Tyamzashe was part of the unity talks that brought together black, coloured, white and Indian football structures, which led to the birth of Safa in 1992.

“I was with football administrators like the late Solomon ‘Stix’ Morewa, Rama Reddy, Goba Ndlovu and Danny Jordaan at the talks,” he reminisces.

This was his first involvement in sports unity talks, but they led to more in other major sporting codes.

However, football was not his first love.

“My love for sport started during my primary school days when I became a boxer,” he says.

“I only started playing rugby as a scrum half at St John’s College in Mthatha. During school holidays, I would play for the Star of Hope Rugby Club in King William’s Town.”

Tyamzashe was born in Uitenhage on November 26 1954. His parents, Philda and Herbert, were both teachers.

After graduating with a Bachelor of Science degree from Fort Hare in 1978, he left for Port Elizabeth, where he worked for several companies.

He later moved to the US, where he obtained a master’s degree in business administration from the Bowling Green State University in Ohio in 1982.

Upon his return from the US, he joined Johnson andamp; Johnson as a marketing assistant in 1985.

“I specialised in the promotion of nappy liners and baby powder,” he says with a mischievous smile.

“As a result, I can tell you everything about what these products do to a baby’s bum.”

The seed for sports administration was planted during his playing days at the Star of Hope Rugby Club when he would “occasionally be asked to take notes at meetings”.

Also in 1985, he was elected secretary of the Border Rugby Union.

Tyamzashe was later involved in the formation of the National Sports Congress with Mluleki George, with a view to unify sport in this country.

“We soon realised that people were not comfortable with the word ‘congress’ [the African National Congress was still a banned organisation then], so we changed that part to council,” he says.

It was through the National Sports Congress that he became involved in the football unity talks that led to the formation of Safa, with George as its first president.

In 1994, he was offered the position of director-general in the department of sports in the first democratic government of President Nelson Mandela. Tyamzashe reported to then sports minister, the now late Steve Tshwete.

He soon discovered his job was not going to be a bed of roses.

His trademark exuberance comes to the fore as he talks about how the SA Rugby Football Union (Sarfu, which was the predecessor to the current Saru) took Mandela to court.

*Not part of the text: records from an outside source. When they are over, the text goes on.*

definition cPr :: "unit_t pmf \<Rightarrow> (unit_t \<Rightarrow> bool) \<Rightarrow> (unit_t \<Rightarrow> bool) \<Rightarrow> real" where
  "cPr p A B = Pr p (\<lambda>x. A x \<and> B x) / Pr p B"

definition piU :: "unit_t pmf \<Rightarrow> bool \<times> bool \<Rightarrow> nat \<Rightarrow> real" where
  "piU p u r = cPr p (\<lambda>x. uU x = u) (\<lambda>x. uR x = r)"

definition omega :: "unit_t pmf \<Rightarrow> bool \<Rightarrow> bool \<Rightarrow> bool \<Rightarrow> nat \<Rightarrow> real" where
  "omega p y s z r = cPr p (\<lambda>x. obsY x = y \<and> obsS x = s) (\<lambda>x. uZ x = z \<and> uR x = r)"

definition delta :: "unit_t pmf \<Rightarrow> bool \<Rightarrow> bool \<times> bool \<Rightarrow> real" where
  "delta p z u = cPr p (\<lambda>x. obsY x) (\<lambda>x. uZ x = z \<and> uU x = u)"

text \<open>Assumption 1 (randomization): Z independent of (S(1),S(0),Y(1),Y(0)) given R.\<close>
definition randomization :: "unit_t pmf \<Rightarrow> bool" where
  "randomization p \<longleftrightarrow> (\<forall>r z w.
     Pr p (\<lambda>x. uZ x = z \<and> (uS1 x, uS0 x, uY1 x, uY0 x) = w \<and> uR x = r) * Pr p (\<lambda>x. uR x = r)
     = Pr p (\<lambda>x. uZ x = z \<and> uR x = r) * Pr p (\<lambda>x. (uS1 x, uS0 x, uY1 x, uY0 x) = w \<and> uR x = r))"

definition monotonicity :: "unit_t pmf \<Rightarrow> bool" where
  "monotonicity p \<longleftrightarrow> (AE x in measure_pmf p. uS0 x \<longrightarrow> uS1 x)"

text \<open>Assumption 3 (homogeneity): R independent of Y(z) given U, for z = 0, 1.\<close>
definition homogeneity :: "unit_t pmf \<Rightarrow> bool" where
  "homogeneity p \<longleftrightarrow> (\<forall>z r y u.
     Pr p (\<lambda>x. uR x = r \<and> uYz z x = y \<and> uU x = u) * Pr p (\<lambda>x. uU x = u)
     = Pr p (\<lambda>x. uR x = r \<and> uU x = u) * Pr p (\<lambda>x. uYz z x = y \<and> uU x = u))"

end

theory Submission imports Defs begin
section \<open>The Chebyshev centre\<close>

lemma farthest_point_exists:
  fixes S :: "'a::metric_space set"
  assumes "compact S" "S \<noteq> {}"
  obtains y where "y \<in> S" "(SUP x\<in>S. dist c x) = dist c y" "\<And>x. x \<in> S \<Longrightarrow> dist c x \<le> dist c y"
proof -
  have "continuous_on S (dist c)"
    by (intro continuous_intros)
  then obtain y where "y \<in> S" "\<forall>x\<in>S. dist c x \<le> dist c y"
    using continuous_attains_sup[OF assms] by auto
  moreover from this have "(SUP x\<in>S. dist c x) = dist c y"
    by (intro cSup_eq_maximum) auto
  ultimately show ?thesis using that by blast
qed

lemma chebyshev_centre_exists:
  fixes S :: "'a::euclidean_space set"
  assumes S: "compact S" "S \<noteq> {}"
  obtains c where "\<And>c'. (SUP x\<in>S. dist c x) \<le> (SUP x\<in>S. dist c' x)"
proof -
  define f where "f c = (SUP x\<in>S. dist c x)" for c :: 'a
  have f_ge: "dist c x \<le> f c" if "x \<in> S" for c x
    using farthest_point_exists[OF S, of c] that unfolding f_def by metis
  have tri: "f c \<le> f c' + dist c c'" for c c'
  proof -
    obtain y where "y \<in> S" "f c = dist c y"
      using farthest_point_exists[OF S, of c] unfolding f_def by metis
    thus ?thesis using f_ge[of y c'] dist_triangle[of c y c'] by (simp add: dist_commute)
  qed
  have "dist (f c) (f c') \<le> 1 * dist c c'" for c c'
    using tri[of c c'] tri[of c' c] by (simp add: dist_real_def dist_commute abs_le_iff)
  hence "1-lipschitz_on UNIV f"
    by (intro lipschitz_onI) simp_all
  hence cont: "continuous_on UNIV f" by (rule lipschitz_on_continuous_on)
  obtain x0 where x0: "x0 \<in> S" using S by auto
  have "cball x0 (f x0) \<noteq> {}" using f_ge[OF x0, of x0] by auto
  then obtain c where c: "c \<in> cball x0 (f x0)" "\<And>c'. c' \<in> cball x0 (f x0) \<Longrightarrow> f c \<le> f c'"
    using continuous_attains_inf[OF compact_cball _ continuous_on_subset[OF cont]] by blast
  have "f c \<le> f c'" for c'
  proof (cases "c' \<in> cball x0 (f x0)")
    case False
    hence "f c \<le> f x0" "f x0 < dist x0 c'" using c(2)[of x0] f_ge[OF x0, of x0] by auto
    thus ?thesis using f_ge[OF x0, of c'] by (simp add: dist_commute)
  qed (use c in auto)
  thus ?thesis using that by (auto simp: f_def)
qed

lemma dist_shift_less:
  fixes c u x :: "'a::real_inner"
  assumes "dist x c \<le> R" "t * (norm u)\<^sup>2 < 2 * inner u (x - c)" "t > 0"
  shows "dist (c + t *\<^sub>R u) x < R"
proof -
  have "c + t *\<^sub>R u - x = t *\<^sub>R u - (x - c)" by simp
  hence "(dist (c + t *\<^sub>R u) x)\<^sup>2 = (norm (t *\<^sub>R u - (x - c)))\<^sup>2"
    by (simp only: dist_norm)
  also have "\<dots> = t\<^sup>2 * (norm u)\<^sup>2 - 2 * t * inner u (x - c) + (norm (x - c))\<^sup>2"
    by (simp add: power2_norm_diff power_mult_distrib)
  also have "\<dots> = (dist x c)\<^sup>2 - t * (2 * inner u (x - c) - t * (norm u)\<^sup>2)"
    by (simp add: dist_norm power2_eq_square algebra_simps)
  also have "\<dots> < (dist x c)\<^sup>2" using assms(2,3) by simp
  also have "\<dots> \<le> R\<^sup>2" using assms(1) by (simp add: power_mono)
  finally have "(dist (c + t *\<^sub>R u) x)\<^sup>2 < R\<^sup>2" .
  moreover have "0 \<le> R" using assms(1) zero_le_dist[of x c] by linarith
  ultimately show ?thesis by (rule power_less_imp_less_base)
qed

“I remember two caricatures by [cartoonist] Zapiro at that time.

“One had Madiba drinking milk from a glass with me, and Tshwete pouring some liquid from a watering can into the glass. The depiction was that we had poisoned his mind,” he says with a hearty laugh.

“Another one showed Sarfu as a tree, with me as a snake around it, and Tshwete as a bespectacled chameleon.”

After serving the sports fraternity in different roles, he joined Vodacom as corporate affairs manager.

He left the company in 2012 and has been taking it easy at home since.

It was from this relaxed lifestyle that Safa plucked him as he “whiled away time by watching ducks on the lake inside the estate where I live in Pretoria”.

“I gave them each names and I’m sure this week they must be wondering: ‘What’s happened to this chap?’ I had also replaced sitting on my sofa stroking my cat with doing the same to my two-month-old granddaughter, Talita.”

Tyamzashe’s new role is to ensure the smooth running of the Safa administration, as well as to give support to CEO and president Danny Jordaan.

The father of two, he has Mthobi junior (27) and Chubeka (25), Tyamzashe loves travelling.

“I have travelled a great deal to Australia,” he says.

“My wife, Queeneth, loves London. These days I ask her if she is aware of the rand/pound exchange rate,” he laughs.

For this well-travelled sports administrator who turns 61 next month, it’s goodbye tranquillity and welcome back to the rat race.